Let's finally plot the meshscatter!

julia
xy_width = 0.01
prec_plot = meshscatter!(
    p, # the positions of the tessellated mesh we got last time
    rotations=norms, # rotate according to the normal vector, pointing out of the sphere
    marker=Rect3(Vec3f(0), Vec3f(1)), # unit box
    markersize=Vec3f0.(xy_width, xy_width, max.(0, watervals)), # scale by 0.01 in x and y, and `watervals` in z
    color=max.(0, watervals),
    colorrange=(0, 0.2),
    colormap=[(:red, 0.01), (:dodgerblue, 0.7)],
    shading=false,
    transparency=true,
)
fig

Before we animate, we could change the camera angles with:

julia
#eye_position = Vec3f(0.31496838, -1.1342758, 2.535153)
#lookat = Vec3f(0.084392734, -0.011545606, 0.12137972)
#upvector = Vec3f(0.29894897, 0.71282643, 0.6344353)
#update_cam!(ax.scene, eye_position, lookat, upvector)

# Let's also add a little title which tells us which season we're in:
title_label = Label(fig[0, 1]; tellwidth = false, font = :bold, fontsize = 20)
Colorbar(fig[1,2], temperature_plot, label="Temperature", height = Relative(0.5))
Colorbar(fig[2,1], prec_plot, label="Precipitation", width = Relative(0.5), vertical=false)

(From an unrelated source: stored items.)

(* Let $X$ be a finite set, $C_X$ a facegram over $X$ with filtration $F_X=\Psi(C_X)$, and let $S$ be any collection of nonempty subsets of $X$ with $\mathbf{s}(C_X)\subset S\subset\mathbf{pow}(X)$. Then $$\mathbf{mgm}(C_X)=\Big\{\Big\{\Big[F_X(\sigma),\min_{\sigma\subsetneq\tau\in S}F_X(\tau)\Big)\ \Big|\ \sigma\in S\Big\}\Big\},$$ where empty intervals are discarded and a minimum over the empty set is $+\infty$.
   Context: $\mathbf{pow}(X)$ is the set of nonempty subsets of $X$. A facegram over $X$ is a monotone map $C_X$ from $\mathbb{R}$ to face-sets of $X$ (families of pairwise inclusion-incomparable nonempty subsets, ordered by: each face of one lies in a face of the other) which equals $\{X\}$ for large $t$ and, for some reals $a_1<\dots<a_n$, is $\emptyset$ on $(-\infty,a_1)$ and constant on each $[a_i,a_{i+1})$ ($a_{n+1}:=\infty$). $\Psi(C_X)(S):=\min\{t\mid S\text{ is contained in some face of }C_X(t)\}$. $\mathbf{s}(C_X):=\{\sigma\mid\sigma\in C_X(t)\text{ for some }t\}$. For nonempty $\sigma$, $I_\sigma:=\{t\mid\sigma\in C_X(t)\}$, and $\mathbf{mgm}(C_X)$ is the multiset of nonempty $I_\sigma$ over all nonempty $\sigma\subset X$. *)

theory Defs
  imports Complex_Main "HOL-Library.Multiset"
begin

definition face_set :: "'a set \<Rightarrow> 'a set set \<Rightarrow> bool" where
  "face_set X A \<longleftrightarrow> (\<forall>\<sigma>\<in>A. \<sigma> \<noteq> {} \<and> \<sigma> \<subseteq> X) \<and>
     (\<forall>\<sigma>\<in>A. \<forall>\<tau>\<in>A. \<sigma> \<subseteq> \<tau> \<longrightarrow> \<sigma> = \<tau>)"

definition face_le :: "'a set set \<Rightarrow> 'a set set \<Rightarrow> bool" where
  "face_le A B \<longleftrightarrow> (\<forall>\<sigma>\<in>A. \<exists>\<tau>\<in>B. \<sigma> \<subseteq> \<tau>)"

definition facegram :: "'a set \<Rightarrow> (real \<Rightarrow> 'a set set) \<Rightarrow> bool" where
  "facegram X C \<longleftrightarrow>
     (\<forall>t. face_set X (C t)) \<and>
     (\<forall>s t. s \<le> t \<longrightarrow> face_le (C s) (C t)) \<and>
     (\<exists>T. \<forall>t\<ge>T. C t = {X}) \<and>
     (\<exists>as::real list. as \<noteq> [] \<and> sorted_wrt (<) as \<and>
        (\<forall>t. t < hd as \<longrightarrow> C t = {}) \<and>
        (\<forall>i<length as. \<forall>t. as ! i \<le> t \<and> (Suc i < length as \<longrightarrow> t < as ! Suc i)
              \<longrightarrow> C t = C (as ! i)))"

definition Psi :: "(real \<Rightarrow> 'a set set) \<Rightarrow> 'a set \<Rightarrow> real" where
  "Psi C S = (LEAST t. \<exists>\<sigma>\<in>C t. S \<subseteq> \<sigma>)"

definition simplices :: "(real \<Rightarrow> 'a set set) \<Rightarrow> 'a set set" where
  "simplices C = {\<sigma>. \<exists>t. \<sigma> \<in> C t}"

definition life :: "(real \<Rightarrow> 'a set set) \<Rightarrow> 'a set \<Rightarrow> real set" where
  "life C \<sigma> = {t. \<sigma> \<in> C t}"

definition mgm :: "'a set \<Rightarrow> (real \<Rightarrow> 'a set set) \<Rightarrow> real set multiset" where
  "mgm X C = image_mset (life C)
     (filter_mset (\<lambda>\<sigma>. life C \<sigma> \<noteq> {}) (mset_set (Pow X - {{}})))"

definition death_interval :: "('a set \<Rightarrow> real) \<Rightarrow> 'a set set \<Rightarrow> 'a set \<Rightarrow> real set" where
  "death_interval F S \<sigma> =
     (if {\<tau>\<in>S. \<sigma> \<subset> \<tau>} = {} then {F \<sigma>..}
      else {F \<sigma> ..< Min (F ` {\<tau>\<in>S. \<sigma> \<subset> \<tau>})})"

end

theory Submission
  imports Defs
begin

text \<open>A face of a facegram is born when it first becomes covered by a face, and dies as soon as
  one of its proper supersets in \<open>S\<close> becomes covered, since faces are inclusion-incomparable.
  Covering is monotone in time and, the facegram being a step function, starts exactly at
  \<open>\<Psi>\<close>. Hence the life of \<open>\<sigma>\<close> is \<open>[\<Psi> \<sigma>, min {\<Psi> \<tau> | \<sigma> \<subset> \<tau> \<in> S})\<close>; and a set with nonempty
  life is a simplex, hence lies in \<open>S\<close>, so both multisets range over the same sets.\<close>

lemma step_function_breakpoint:
  fixes as :: "real list"
  assumes "sorted_wrt (<) as" "as \<noteq> []" "hd as \<le> t"
    and const: "\<And>i t. i < length as \<Longrightarrow> as ! i \<le> t \<Longrightarrow> (Suc i < length as \<Longrightarrow> t < as ! Suc i)
        \<Longrightarrow> f t = f (as ! i)"
  obtains a where "a \<in> set as" "a \<le> t" "f t = f a"
proof -
  let ?I = "{i. i < length as \<and> as ! i \<le> t}"
  have "0 \<in> ?I" using assms(2,3) by (simp add: hd_conv_nth)
  then have "?I \<noteq> {}" by blast
  define i where "i = Max ?I"
  have i: "i < length as" "as ! i \<le> t"
    using Max_in[of ?I] \<open>?I \<noteq> {}\<close> unfolding i_def by auto
  have "t < as ! Suc i" if "Suc i < length as"
  proof (rule ccontr)
    assume "\<not> t < as ! Suc i"
    with that have "Suc i \<in> ?I" by simp
    then have "Suc i \<le> i" unfolding i_def by (simp add: Max_ge)
    then show False by simp
  qed
  with i const have "f t = f (as ! i)" by blast
  with i show thesis using that nth_mem by blast
qed

lemma facegram_face_set: "facegram X C \<Longrightarrow> face_set X (C t)"
  by (simp add: facegram_def)

lemma facegram_face_le: "facegram X C \<Longrightarrow> s \<le> t \<Longrightarrow> face_le (C s) (C t)"
  by (simp add: facegram_def)

lemma facegram_eventually_top:
  assumes "facegram X C"
  obtains T where "\<And>t. T \<le> t \<Longrightarrow> C t = {X}"
  using assms unfolding facegram_def by auto

lemma facegram_step_function:
  assumes "facegram X C"
  obtains as :: "real list" where "as \<noteq> []" "sorted_wrt (<) as"
     "\<And>t. t < hd as \<Longrightarrow> C t = {}"
     "\<And>i t. i < length as \<Longrightarrow> as ! i \<le> t \<Longrightarrow> (Suc i < length as \<Longrightarrow> t < as ! Suc i)
        \<Longrightarrow> C t = C (as ! i)"
  using assms unfolding facegram_def by (metis (no_types))

lemma face_set_eqI: "face_set X A \<Longrightarrow> \<sigma> \<in> A \<Longrightarrow> \<tau> \<in> A \<Longrightarrow> \<sigma> \<subseteq> \<tau> \<Longrightarrow> \<sigma> = \<tau>"
  unfolding face_set_def by blast

definition covered :: "(real \<Rightarrow> 'a set set) \<Rightarrow> 'a set \<Rightarrow> real \<Rightarrow> bool" where
  "covered C \<sigma> t \<longleftrightarrow> (\<exists>\<rho>\<in>C t. \<sigma> \<subseteq> \<rho>)"

lemma Psi_eq_Least_covered: "Psi C \<sigma> = (LEAST t. covered C \<sigma> t)"
  unfolding Psi_def covered_def ..

lemma facegram_covered_mono:
  assumes "facegram X C" "covered C \<sigma> s" "s \<le> t"
  shows "covered C \<sigma> t"
  using facegram_face_le[OF assms(1,3)] assms(2)
  unfolding covered_def face_le_def by (meson order_trans)

lemma facegram_covered_eventually:
  assumes "facegram X C" "\<sigma> \<subseteq> X"
  obtains t where "covered C \<sigma> t"
proof (rule facegram_eventually_top[OF assms(1)])
  fix T assume "\<And>t. T \<le> t \<Longrightarrow> C t = {X}"
  with assms(2) have "covered C \<sigma> T" unfolding covered_def by simp
  then show thesis by (rule that)
qed

lemma facegram_breakpoints:
  assumes "facegram X C"
  obtains B :: "real set" where "finite B" "\<And>t. C t \<noteq> {} \<Longrightarrow> \<exists>a\<in>B. a \<le> t \<and> C t = C a"
proof -
  obtain as :: "real list" where as: "as \<noteq> []" "sorted_wrt (<) as"
     "\<And>t. t < hd as \<Longrightarrow> C t = {}"
     "\<And>i t. i < length as \<Longrightarrow> as ! i \<le> t \<Longrightarrow> (Suc i < length as \<Longrightarrow> t < as ! Suc i)
        \<Longrightarrow> C t = C (as ! i)"
    using facegram_step_function[OF assms] by blast
  have "\<exists>a\<in>set as. a \<le> t \<and> C t = C a" if "C t \<noteq> {}" for t
  proof -
    from that as(3) have "hd as \<le> t" by force
    then obtain a where "a \<in> set as" "a \<le> t" "C t = C a"
      by (rule step_function_breakpoint[where f = C, OF as(2,1) _ as(4)])
    then show ?thesis by blast
  qed
  then show thesis by (intro that[of "set as"]) auto
qed

lemma facegram_covered_iff_Psi:
  assumes fg: "facegram X C" and "\<sigma> \<subseteq> X"
  shows "covered C \<sigma> t \<longleftrightarrow> Psi C \<sigma> \<le> t"
proof -
  obtain B where "finite B" and breakpoint: "\<And>t. C t \<noteq> {} \<Longrightarrow> \<exists>a\<in>B. a \<le> t \<and> C t = C a"
    using facegram_breakpoints[OF fg] by blast
  define A where "A = {a \<in> B. covered C \<sigma> a}"
  have covered_at_breakpoint: "\<exists>a\<in>A. a \<le> t" if "covered C \<sigma> t" for t
  proof -
    from that have "C t \<noteq> {}" unfolding covered_def by blast
    then obtain a where "a \<in> B" "a \<le> t" "C t = C a" using breakpoint by blast
    with that show ?thesis unfolding A_def covered_def by auto
  qed
  have "finite A" using \<open>finite B\<close> unfolding A_def by simp
  obtain t0 where "covered C \<sigma> t0" using facegram_covered_eventually[OF assms] .
  then have "A \<noteq> {}" using covered_at_breakpoint by blast
  with \<open>finite A\<close> have "Min A \<in> A" by simp
  have covered_iff_Min: "covered C \<sigma> t \<longleftrightarrow> Min A \<le> t" for t
  proof
    assume "covered C \<sigma> t"
    then obtain a where "a \<in> A" "a \<le> t" using covered_at_breakpoint by blast
    with \<open>finite A\<close> show "Min A \<le> t" by (meson Min_le order_trans)
  next
    assume "Min A \<le> t"
    with \<open>Min A \<in> A\<close> show "covered C \<sigma> t"
      using facegram_covered_mono[OF fg] unfolding A_def by blast
  qed
  then have "Psi C \<sigma> = Min A"
    unfolding Psi_eq_Least_covered by (intro Least_equality) auto
  with covered_iff_Min show ?thesis by simp
qed

lemma facegram_mem_iff_maximal_covered:
  assumes "facegram X C" "simplices C \<subseteq> S"
  shows "\<sigma> \<in> C t \<longleftrightarrow> covered C \<sigma> t \<and> \<not> (\<exists>\<rho>\<in>S. \<sigma> \<subset> \<rho> \<and> covered C \<rho> t)"
proof
  assume "\<sigma> \<in> C t"
  have "\<not> (\<exists>\<rho>\<in>S. \<sigma> \<subset> \<rho> \<and> covered C \<rho> t)"
  proof
    assume "\<exists>\<rho>\<in>S. \<sigma> \<subset> \<rho> \<and> covered C \<rho> t"
    then obtain \<rho> \<rho>' where "\<sigma> \<subset> \<rho>" "\<rho> \<subseteq> \<rho>'" "\<rho>' \<in> C t"
      unfolding covered_def by blast
    with \<open>\<sigma> \<in> C t\<close> have "\<sigma> = \<rho>'"
      by (intro face_set_eqI[OF facegram_face_set[OF assms(1)]]) auto
    with \<open>\<sigma> \<subset> \<rho>\<close> \<open>\<rho> \<subseteq> \<rho>'\<close> show False by blast
  qed
  moreover from \<open>\<sigma> \<in> C t\<close> have "covered C \<sigma> t" unfolding covered_def by blast
  ultimately show "covered C \<sigma> t \<and> \<not> (\<exists>\<rho>\<in>S. \<sigma> \<subset> \<rho> \<and> covered C \<rho> t)" by blast
next
  assume "covered C \<sigma> t \<and> \<not> (\<exists>\<rho>\<in>S. \<sigma> \<subset> \<rho> \<and> covered C \<rho> t)"
  then have "covered C \<sigma> t" and maximal: "\<not> (\<exists>\<rho>\<in>S. \<sigma> \<subset> \<rho> \<and> covered C \<rho> t)"
    by simp_all
  then obtain \<rho> where "\<rho> \<in> C t" "\<sigma> \<subseteq> \<rho>" unfolding covered_def by blast
  moreover from \<open>\<rho> \<in> C t\<close> have "\<rho> \<in> S" "covered C \<rho> t"
    using assms(2) unfolding simplices_def covered_def by auto
  ultimately have "\<sigma> = \<rho>" using maximal by blast
  with \<open>\<rho> \<in> C t\<close> show "\<sigma> \<in> C t" by simp
qed

lemma death_interval_eq:
  assumes "finite S"
  shows "death_interval F S \<sigma> = {t. F \<sigma> \<le> t \<and> (\<forall>\<tau>\<in>S. \<sigma> \<subset> \<tau> \<longrightarrow> t < F \<tau>)}"
proof (cases "{\<tau>\<in>S. \<sigma> \<subset> \<tau>} = {}")
  case True
  then show ?thesis unfolding death_interval_def by auto
next
  case False
  with assms have "t < Min (F ` {\<tau>\<in>S. \<sigma> \<subset> \<tau>}) \<longleftrightarrow> (\<forall>\<tau>\<in>S. \<sigma> \<subset> \<tau> \<longrightarrow> t < F \<tau>)" for t
    by (subst Min_gr_iff) auto
  with False show ?thesis unfolding death_interval_def by auto
qed

lemma facegram_life_eq_death_interval:
  assumes "finite S" "facegram X C" "simplices C \<subseteq> S" "S \<subseteq> Pow X" "\<sigma> \<subseteq> X"
  shows "life C \<sigma> = death_interval (Psi C) S \<sigma>"
proof -
  have covered_S: "covered C \<tau> t \<longleftrightarrow> \<not> t < Psi C \<tau>" if "\<tau> \<in> S" for \<tau> t
    using facegram_covered_iff_Psi[OF assms(2), of \<tau> t] that assms(4) by auto
  have "\<sigma> \<in> C t \<longleftrightarrow> Psi C \<sigma> \<le> t \<and> (\<forall>\<tau>\<in>S. \<sigma> \<subset> \<tau> \<longrightarrow> t < Psi C \<tau>)" for t
    unfolding facegram_mem_iff_maximal_covered[OF assms(2,3)]
      facegram_covered_iff_Psi[OF assms(2,5)]
    by (simp add: covered_S cong: bex_cong)
  then show ?thesis
    unfolding life_def death_interval_eq[OF assms(1)] by simp
qed

theorem mainTheorem12:
  fixes X :: "'a set" and C :: "real \<Rightarrow> 'a set set" and S :: "'a set set"
  assumes "finite X"
    and "facegram X C"
    and "simplices C \<subseteq> S"
    and "S \<subseteq> Pow X - {{}}"
  shows "mgm X C = image_mset (death_interval (Psi C) S)
           (filter_mset (\<lambda>\<sigma>. death_interval (Psi C) S \<sigma> \<noteq> {}) (mset_set S))"
proof -
  have "finite (Pow X - {{}})" using assms(1) by simp
  with assms(4) have "finite S" by (rule finite_subset)
  have "S \<subseteq> Pow X" using assms(4) by blast
  have life_eq: "life C \<sigma> = death_interval (Psi C) S \<sigma>" if "\<sigma> \<subseteq> X" for \<sigma>
    by (rule facegram_life_eq_death_interval[OF \<open>finite S\<close> assms(2,3) \<open>S \<subseteq> Pow X\<close> that])
  have "\<sigma> \<in> S" if "life C \<sigma> \<noteq> {}" for \<sigma>
    using that assms(3) unfolding life_def simplices_def by blast
  then have same_support: "{\<sigma> \<in> Pow X - {{}}. life C \<sigma> \<noteq> {}}
      = {\<sigma> \<in> S. death_interval (Psi C) S \<sigma> \<noteq> {}}"
    using assms(4) life_eq by auto
  show ?thesis
    unfolding mgm_def filter_mset_mset_set[OF \<open>finite S\<close>]
      filter_mset_mset_set[OF \<open>finite (Pow X - {{}})\<close>] same_support
  proof (rule image_mset_cong)
    fix \<sigma> assume "\<sigma> \<in># mset_set {\<sigma> \<in> S. death_interval (Psi C) S \<sigma> \<noteq> {}}"
    then have "\<sigma> \<subseteq> X" using \<open>finite S\<close> assms(4) by auto
    then show "life C \<sigma> = death_interval (Psi C) S \<sigma>" by (rule life_eq)
  qed
qed

end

zoom!(ax.scene, cameracontrols(ax.scene), 0.65)
# display(fig; update=false)
fig

Now, we animate the water and temperature plots!

julia
record(fig, "worldclimVisualization.mp4", LinRange(1, 24, 600÷4); framerate = 24, update=false) do i
    title_label.text[] = @sprintf "%.2f" (i % 12)
    temperature_plot.color[] = raster2array(temp_interpolated(i % 12))
    watervals = max.(0, watermap(uv, raster2array(prec_interpolated(i % 12))))
    prec_plot.color[] = watervals
    prec_plot.markersize[] .= Vec3f0.(xy_width, xy_width, watervals)
    # since we modify markersize inplace above, we need to notify the signal
    rotate!(ax.scene, i / 7)
    notify(prec_plot.markersize)
end;

This example, and some of the development work which made it possible, was funded by the xKDR Forum.